More recently, Intrepid has had to be conscious of the impact of external factors, such as limited air capacity and routes, on Australians looking to finally travel overseas again.
Organisationally, it’s then about building the team back up in the right way. “It’s a beautiful opportunity you don’t get often, to start from bottom up again,” Clark says.
“We’re able to build the marketing team in a conscious way, and test and learn more. Also, the pressure everyone is feeling locally and globally with getting the right staff, and what salaries you need to pay for those staff, has a huge impact. We need to bring in the right people in the right way, that fit with the values and culture.
“How we achieve that flexibility piece is also a key focus and challenge. Without the right people, there’s no point having a strategy as we need people to deliver it.”
An evolving capability at Intrepid is digital. Thanks to the acceleration of ecommerce through the pandemic, the volume of people more comfortable with interacting online through live chat and booking has exponentially increased.
“We’ve had a big focus on digital transformation and how to engage with customers in all those touchpoints,” Clark says. “We are now hiring for a chief digital officer, which is not a role we’ve had before, which will be part of the core management team. This will be project focused to start with, but so much cost going into digital in businesses, continuing to monitor these costs, and keep elevating the business to the next level is super important.”
People alignment
It’s not just the new either – Clark recognises keeping existing teams aligned and culture buoyant is an ongoing effort for leaders.

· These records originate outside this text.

lemma simple_roots_image:
  assumes "inj v" and add: "\<And>x y. v (vadd x y) = vadd (v x) (v y)"
  shows "simple_roots (v ` X) = v ` simple_roots X"
proof (intro equalityI subsetI)
  fix y assume y: "y \<in> simple_roots (v ` X)"
  then obtain \<alpha> where "\<alpha> \<in> X" and "y = v \<alpha>"
    unfolding simple_roots_def by blast
  have "\<alpha> \<noteq> vadd \<beta> \<gamma>" if "\<beta> \<in> X" "\<gamma> \<in> X" for \<beta> \<gamma>
  proof
    assume "\<alpha> = vadd \<beta> \<gamma>"
    then have "y = vadd (v \<beta>) (v \<gamma>)"
      using \<open>y = v \<alpha>\<close> add by simp
    then show False
      using y that unfolding simple_roots_def by blast
  qed
  then show "y \<in> v ` simple_roots X"
    using \<open>\<alpha> \<in> X\<close> \<open>y = v \<alpha>\<close> unfolding simple_roots_def by blast
next
  fix y assume "y \<in> v ` simple_roots X"
  then obtain \<alpha> where \<alpha>: "\<alpha> \<in> simple_roots X" and "y = v \<alpha>"
    by blast
  have "y \<noteq> vadd (v \<beta>) (v \<gamma>)" if "\<beta> \<in> X" "\<gamma> \<in> X" for \<beta> \<gamma>
  proof
    assume "y = vadd (v \<beta>) (v \<gamma>)"
    then have "\<alpha> = vadd \<beta> \<gamma>"
      using \<open>y = v \<alpha>\<close> \<open>inj v\<close> by (simp add: add[symmetric] inj_eq)
    then show False
      using \<alpha> that unfolding simple_roots_def by blast
  qed
  then show "y \<in> simple_roots (v ` X)"
    using \<alpha> \<open>y = v \<alpha>\<close> unfolding simple_roots_def by blast
qed

lemma weyl_simple_roots_image:
  assumes "root_system R cor" and "w \<in> weyl R cor"
  shows "simple_roots (w ` X) = w ` simple_roots X"
  using bij_is_inj[OF weyl_bij[OF assms]] lin_map_vadd[OF weyl_lin_map[OF assms]]
  by (rule simple_roots_image)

“I think we thought when Covid was over we’ll all be fine and we’ll go back to growth, sales and it’ll all be ok. But we’re faced with a set of challenges now – whether it’s staffing or operating in this new environment,” she says. “The team has been through a lot, and our GMs have been covering anything from entry level to their own roles. I’m trying to alleviate the pressure of the GMs while we are ramping up our marketing, phones and sales are going crazy and partners want to work with us.”
Alignment and sustainable growth require the whole Intrepid business to be crystal clear on what can and can’t be done while it’s rebuilding capability.

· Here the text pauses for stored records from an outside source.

(* Let $\mathbb{S}$ be a metric space with its Borel $\sigma$-field, let $\{\mu_n\}_{n=1,2,\ldots}$ be a sequence of measures on $\mathbb{S}$ converging weakly to a finite measure $\mu$ on $\mathbb{S}$, and let $\{f_n,g_n\}_{n=1,2,\ldots}$ be measurable $[-\infty,+\infty]$-valued functions on $\mathbb{S}$ such that $|f_n(s)|\le g_n(s)$ for all $n$ and $s\in\mathbb{S}$, and $$\limsup_{n\to\infty}\int_{\mathbb{S}} g_n(s)\,\mu_n(ds)\le\int_{\mathbb{S}}\liminf_{n\to\infty,\,s'\to s} g_n(s')\,\mu(ds)<+\infty.$$ If $\lim_{n\to\infty,\,s'\to s}f_n(s')$ exists for $\mu$-a.e. $s\in\mathbb{S}$, then $$\lim_{n\to\infty}\int_{\mathbb{S}} f_n(s)\,\mu_n(ds)=\int_{\mathbb{S}}\lim_{n\to\infty,\,s'\to s} f_n(s')\,\mu(ds).$$
   Context: Weak convergence: $\int f\,d\mu_n\to\int f\,d\mu$ for all bounded continuous $f$. Integrals of extended-real functions are $\int f^+-\int f^-$, defined when one of these is finite; all integrals involved are assumed defined. $\liminf_{n\to\infty,s'\to s}g_n(s'):=\sup_{n\ge1,\delta>0}\inf_{m\ge n,\,s'\in B_\delta(s)}g_m(s')$, and $\lim_{n\to\infty,s'\to s}f_n(s')$ exists when this liminf for $f_n$ equals the corresponding $\limsup:=\inf_{n\ge1,\delta>0}\sup_{m\ge n,\,s'\in B_\delta(s)}f_m(s')$; $B_\delta(s)$ is the ball of radius $\delta$ about $s$. *)

theory Defs
  imports "HOL-Analysis.Analysis"
begin

definition eint :: "'a measure \<Rightarrow> ('a \<Rightarrow> ereal) \<Rightarrow> ereal" where
  "eint M f = enn2ereal (\<integral>\<^sup>+ x. e2ennreal (f x) \<partial>M)
             - enn2ereal (\<integral>\<^sup>+ x. e2ennreal (- f x) \<partial>M)"

definition weak_conv :: "(nat \<Rightarrow> 'a::metric_space measure) \<Rightarrow> 'a measure \<Rightarrow> bool" where
  "weak_conv \<mu>s \<mu> \<longleftrightarrow> (\<forall>f :: 'a \<Rightarrow> real. continuous_on UNIV f \<and> bounded (range f) \<longrightarrow>
      (\<lambda>n. eint (\<mu>s n) (\<lambda>x. ereal (f x))) \<longlonglongrightarrow> eint \<mu> (\<lambda>x. ereal (f x)))"

definition jliminf :: "(nat \<Rightarrow> 'a::metric_space \<Rightarrow> ereal) \<Rightarrow> 'a \<Rightarrow> ereal" where
  "jliminf g s = (SUP n. SUP \<delta>\<in>{0::real<..}. INF m\<in>{n..}. INF s'\<in>ball s \<delta>. g m s')"

definition jlimsup :: "(nat \<Rightarrow> 'a::metric_space \<Rightarrow> ereal) \<Rightarrow> 'a \<Rightarrow> ereal" where
  "jlimsup g s = (INF n. INF \<delta>\<in>{0::real<..}. SUP m\<in>{n..}. SUP s'\<in>ball s \<delta>. g m s')"

end

theory Submission
  imports Defs
begin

“It’s been a good learning experience for my team to say no because you can’t do everything,” Clark says. “Then it’s making sure we have clear strategy that’s simple and ultimately ends in sustainable growth.”
Supporting this is Clark’s expectation for her own local marketing team to be both more efficient and effective with campaigns and relationships.
“Now spending is ramping up, it’s about zeroing in on the trackable pieces, then having a long-term strategy on our brand piece,” she says. “Sometimes, the most important part of marketing is the thing you can’t track. We need to make sure we’re not only focused on growth immediately and what we need to see to hit the bottom line, but that we are building the dreaming phase and a pipeline of customers that will potentially book in six- or 12-months’ time.
“Balancing the two across immediate bottom of the funnel and building top-of-funnel is critical.”